PROBLEM TO WORK ON -
Extract all of the entries and set them down verbatim.

Collected data entries:
++++++++
(* Let $\alpha>0$, $\beta\geq 0$, $q\in(0,\pi/2)$, and $m\geq 0$. Then $$E_{\min}(q,m)\leq E_{\min}(q,0)<\sqrt{2}\,q.$$ If in addition $m>0$ and $m\beta<2\alpha\int_{\mathbb{R}}(1-|\mathbf{u}_q|^2)\,dx$, then $E_{\min}(q,m)<E_{\min}(q,0)$.
   Context: $\mathcal{E}(\mathbb{R})=\{u\in H^1_{\mathrm{loc}}(\mathbb{R};\mathbb{C}): u'\in L^2,\ 1-|u|^2\in L^2(\mathbb{R})\}$, $\mathcal{NE}(\mathbb{R})=\{u\in\mathcal{E}(\mathbb{R}):|u|>0\}$; each $u\in\mathcal{NE}(\mathbb{R})$ has a lifting $u=\rho e^{i\theta}$, $\rho=|u|$, $\theta\in H^1_{\mathrm{loc}}$ real, $\theta'\in L^2$. Let $G(s)=s(2-s)$, $p(u)=\frac12\int_{\mathbb{R}}G(|1-\rho|)\theta'\,dx$. Let $\mathcal{X}=\{(u,v)\in\mathcal{NE}(\mathbb{R})\times H^1(\mathbb{R}):|u|<2\}$ ($v$ real-valued), $\mathcal{X}_{q,m}=\{(u,v)\in\mathcal{X}:p(u)=q,\ \|v\|_{L^2}^2=m\}$. The energy is $E(u,v)=\int_{\mathbb{R}}\big(\tfrac12|u'|^2+\tfrac12(v')^2+\tfrac14(1-|u|^2)^2+\tfrac{\beta}{4}v^4-\tfrac{\alpha}{2}(1-|u|^2)v^2\big)dx$ and $E_{\min}(q,m)=\inf\{E(u,v):(u,v)\in\mathcal{X}_{q,m}\}$. For $q\in(0,\pi/2)$, $\mathbf{u}_q\in\mathcal{NE}(\mathbb{R})$ denotes the (known, unique up to translation and constant phase) scalar dark soliton: it satisfies $0<|\mathbf{u}_q|<1$, $p(\mathbf{u}_q)=q$ and $E(\mathbf{u}_q,0)=E_{\min}(q,0)$, and it solves $icu'+u''+(1-|u|^2)u=0$ for some $c=c(q)\in(0,\sqrt2)$. *)

theory Defs
  imports "HOL-Analysis.Analysis"
begin

text \<open>Functions on the real line are identified with their continuous representatives.\<close>

definition has_weak_deriv :: "(real \<Rightarrow> 'a::{banach,second_countable_topology}) \<Rightarrow> (real \<Rightarrow> 'a) \<Rightarrow> bool" where
  "has_weak_deriv u g \<longleftrightarrow>
     (\<forall>a b. set_integrable lborel {a..b} g) \<and>
     (\<forall>a b. a \<le> b \<longrightarrow> u b - u a = (LINT t:{a..b}|lborel. g t))"

definition L2 :: "(real \<Rightarrow> 'a::real_normed_vector) \<Rightarrow> bool" where
  "L2 f \<longleftrightarrow> f \<in> borel_measurable lborel \<and> integrable lborel (\<lambda>x. (norm (f x))^2)"

text \<open>The (a.e. unique) weak derivative, when it exists in L^2.\<close>
definition wderiv :: "(real \<Rightarrow> 'a::{banach,second_countable_topology}) \<Rightarrow> real \<Rightarrow> 'a" where
  "wderiv u = (SOME g. has_weak_deriv u g \<and> L2 g)"

definition in_E :: "(real \<Rightarrow> complex) \<Rightarrow> bool" where
  "in_E u \<longleftrightarrow> (\<exists>g. has_weak_deriv u g \<and> L2 g) \<and> L2 (\<lambda>x. 1 - (cmod (u x))^2)"

definition in_NE :: "(real \<Rightarrow> complex) \<Rightarrow> bool" where
  "in_NE u \<longleftrightarrow> in_E u \<and> (\<forall>x. cmod (u x) > 0)"

definition is_lifting :: "(real \<Rightarrow> complex) \<Rightarrow> (real \<Rightarrow> real) \<Rightarrow> bool" where
  "is_lifting u \<theta> \<longleftrightarrow> (\<exists>g. has_weak_deriv \<theta> g \<and> L2 g) \<and>
     (\<forall>x. u x = complex_of_real (cmod (u x)) * cis (\<theta> x))"

text \<open>theta' for some lifting theta of u (independent of the choice a.e.).\<close>
definition lift_deriv :: "(real \<Rightarrow> complex) \<Rightarrow> real \<Rightarrow> real" where
  "lift_deriv u = (SOME g. \<exists>\<theta>. is_lifting u \<theta> \<and> has_weak_deriv \<theta> g \<and> L2 g)"

definition G :: "real \<Rightarrow> real" where
  "G s = s * (2 - s)"

definition momentum :: "(real \<Rightarrow> complex) \<Rightarrow> real" where
  "momentum u = (1/2) * (\<integral>x. G \<bar>1 - cmod (u x)\<bar> * lift_deriv u x \<partial>lborel)"

definition in_H1 :: "(real \<Rightarrow> real) \<Rightarrow> bool" where
  "in_H1 v \<longleftrightarrow> L2 v \<and> (\<exists>g. has_weak_deriv v g \<and> L2 g)"

definition setX :: "((real \<Rightarrow> complex) \<times> (real \<Rightarrow> real)) set" where
  "setX = {(u, v). in_NE u \<and> in_H1 v \<and> (\<forall>x. cmod (u x) < 2)}"

definition setXqm :: "real \<Rightarrow> real \<Rightarrow> ((real \<Rightarrow> complex) \<times> (real \<Rightarrow> real)) set" where
  "setXqm q m = {(u, v) \<in> setX. momentum u = q \<and> (\<integral>x. (v x)^2 \<partial>lborel) = m}"

definition energy :: "real \<Rightarrow> real \<Rightarrow> (real \<Rightarrow> complex) \<Rightarrow> (real \<Rightarrow> real) \<Rightarrow> real" where
  "energy \<alpha> \<beta> u v = (\<integral>x. (cmod (wderiv u x))^2 / 2 + (wderiv v x)^2 / 2
      + (1 - (cmod (u x))^2)^2 / 4 + \<beta> / 4 * (v x)^4
      - \<alpha> / 2 * (1 - (cmod (u x))^2) * (v x)^2 \<partial>lborel)"

text \<open>E_min as an infimum in the extended reals (empty set gives +infinity).\<close>
definition Emin :: "real \<Rightarrow> real \<Rightarrow> real \<Rightarrow> real \<Rightarrow> ereal" where
  "Emin \<alpha> \<beta> q m = (INF p \<in> setXqm q m. ereal (energy \<alpha> \<beta> (fst p) (snd p)))"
++++++++
OUTPUT FOR THIS EXERCISE -
(* Let $\alpha>0$, $\beta\geq 0$, $q\in(0,\pi/2)$, and $m\geq 0$. Then $$E_{\min}(q,m)\leq E_{\min}(q,0)<\sqrt{2}\,q.$$ If in addition $m>0$ and $m\beta<2\alpha\int_{\mathbb{R}}(1-|\mathbf{u}_q|^2)\,dx$, then $E_{\min}(q,m)<E_{\min}(q,0)$.
   Context: $\mathcal{E}(\mathbb{R})=\{u\in H^1_{\mathrm{loc}}(\mathbb{R};\mathbb{C}): u'\in L^2,\ 1-|u|^2\in L^2(\mathbb{R})\}$, $\mathcal{NE}(\mathbb{R})=\{u\in\mathcal{E}(\mathbb{R}):|u|>0\}$; each $u\in\mathcal{NE}(\mathbb{R})$ has a lifting $u=\rho e^{i\theta}$, $\rho=|u|$, $\theta\in H^1_{\mathrm{loc}}$ real, $\theta'\in L^2$. Let $G(s)=s(2-s)$, $p(u)=\frac12\int_{\mathbb{R}}G(|1-\rho|)\theta'\,dx$. Let $\mathcal{X}=\{(u,v)\in\mathcal{NE}(\mathbb{R})\times H^1(\mathbb{R}):|u|<2\}$ ($v$ real-valued), $\mathcal{X}_{q,m}=\{(u,v)\in\mathcal{X}:p(u)=q,\ \|v\|_{L^2}^2=m\}$. The energy is $E(u,v)=\int_{\mathbb{R}}\big(\tfrac12|u'|^2+\tfrac12(v')^2+\tfrac14(1-|u|^2)^2+\tfrac{\beta}{4}v^4-\tfrac{\alpha}{2}(1-|u|^2)v^2\big)dx$ and $E_{\min}(q,m)=\inf\{E(u,v):(u,v)\in\mathcal{X}_{q,m}\}$. For $q\in(0,\pi/2)$, $\mathbf{u}_q\in\mathcal{NE}(\mathbb{R})$ denotes the (known, unique up to translation and constant phase) scalar dark soliton: it satisfies $0<|\mathbf{u}_q|<1$, $p(\mathbf{u}_q)=q$ and $E(\mathbf{u}_q,0)=E_{\min}(q,0)$, and it solves $icu'+u''+(1-|u|^2)u=0$ for some $c=c(q)\in(0,\sqrt2)$. *)

theory Defs
  imports "HOL-Analysis.Analysis"
begin

text \<open>Functions on the real line are identified with their continuous representatives.\<close>

definition has_weak_deriv :: "(real \<Rightarrow> 'a::{banach,second_countable_topology}) \<Rightarrow> (real \<Rightarrow> 'a) \<Rightarrow> bool" where
  "has_weak_deriv u g \<longleftrightarrow>
     (\<forall>a b. set_integrable lborel {a..b} g) \<and>
     (\<forall>a b. a \<le> b \<longrightarrow> u b - u a = (LINT t:{a..b}|lborel. g t))"

definition L2 :: "(real \<Rightarrow> 'a::real_normed_vector) \<Rightarrow> bool" where
  "L2 f \<longleftrightarrow> f \<in> borel_measurable lborel \<and> integrable lborel (\<lambda>x. (norm (f x))^2)"

text \<open>The (a.e. unique) weak derivative, when it exists in L^2.\<close>
definition wderiv :: "(real \<Rightarrow> 'a::{banach,second_countable_topology}) \<Rightarrow> real \<Rightarrow> 'a" where
  "wderiv u = (SOME g. has_weak_deriv u g \<and> L2 g)"

definition in_E :: "(real \<Rightarrow> complex) \<Rightarrow> bool" where
  "in_E u \<longleftrightarrow> (\<exists>g. has_weak_deriv u g \<and> L2 g) \<and> L2 (\<lambda>x. 1 - (cmod (u x))^2)"

definition in_NE :: "(real \<Rightarrow> complex) \<Rightarrow> bool" where
  "in_NE u \<longleftrightarrow> in_E u \<and> (\<forall>x. cmod (u x) > 0)"

definition is_lifting :: "(real \<Rightarrow> complex) \<Rightarrow> (real \<Rightarrow> real) \<Rightarrow> bool" where
  "is_lifting u \<theta> \<longleftrightarrow> (\<exists>g. has_weak_deriv \<theta> g \<and> L2 g) \<and>
     (\<forall>x. u x = complex_of_real (cmod (u x)) * cis (\<theta> x))"

text \<open>theta' for some lifting theta of u (independent of the choice a.e.).\<close>
definition lift_deriv :: "(real \<Rightarrow> complex) \<Rightarrow> real \<Rightarrow> real" where
  "lift_deriv u = (SOME g. \<exists>\<theta>. is_lifting u \<theta> \<and> has_weak_deriv \<theta> g \<and> L2 g)"

definition G :: "real \<Rightarrow> real" where
  "G s = s * (2 - s)"

definition momentum :: "(real \<Rightarrow> complex) \<Rightarrow> real" where
  "momentum u = (1/2) * (\<integral>x. G \<bar>1 - cmod (u x)\<bar> * lift_deriv u x \<partial>lborel)"

definition in_H1 :: "(real \<Rightarrow> real) \<Rightarrow> bool" where
  "in_H1 v \<longleftrightarrow> L2 v \<and> (\<exists>g. has_weak_deriv v g \<and> L2 g)"

definition setX :: "((real \<Rightarrow> complex) \<times> (real \<Rightarrow> real)) set" where
  "setX = {(u, v). in_NE u \<and> in_H1 v \<and> (\<forall>x. cmod (u x) < 2)}"

definition setXqm :: "real \<Rightarrow> real \<Rightarrow> ((real \<Rightarrow> complex) \<times> (real \<Rightarrow> real)) set" where
  "setXqm q m = {(u, v) \<in> setX. momentum u = q \<and> (\<integral>x. (v x)^2 \<partial>lborel) = m}"

definition energy :: "real \<Rightarrow> real \<Rightarrow> (real \<Rightarrow> complex) \<Rightarrow> (real \<Rightarrow> real) \<Rightarrow> real" where
  "energy \<alpha> \<beta> u v = (\<integral>x. (cmod (wderiv u x))^2 / 2 + (wderiv v x)^2 / 2
      + (1 - (cmod (u x))^2)^2 / 4 + \<beta> / 4 * (v x)^4
      - \<alpha> / 2 * (1 - (cmod (u x))^2) * (v x)^2 \<partial>lborel)"

text \<open>E_min as an infimum in the extended reals (empty set gives +infinity).\<close>
definition Emin :: "real \<Rightarrow> real \<Rightarrow> real \<Rightarrow> real \<Rightarrow> ereal" where
  "Emin \<alpha> \<beta> q m = (INF p \<in> setXqm q m. ereal (energy \<alpha> \<beta> (fst p) (snd p)))"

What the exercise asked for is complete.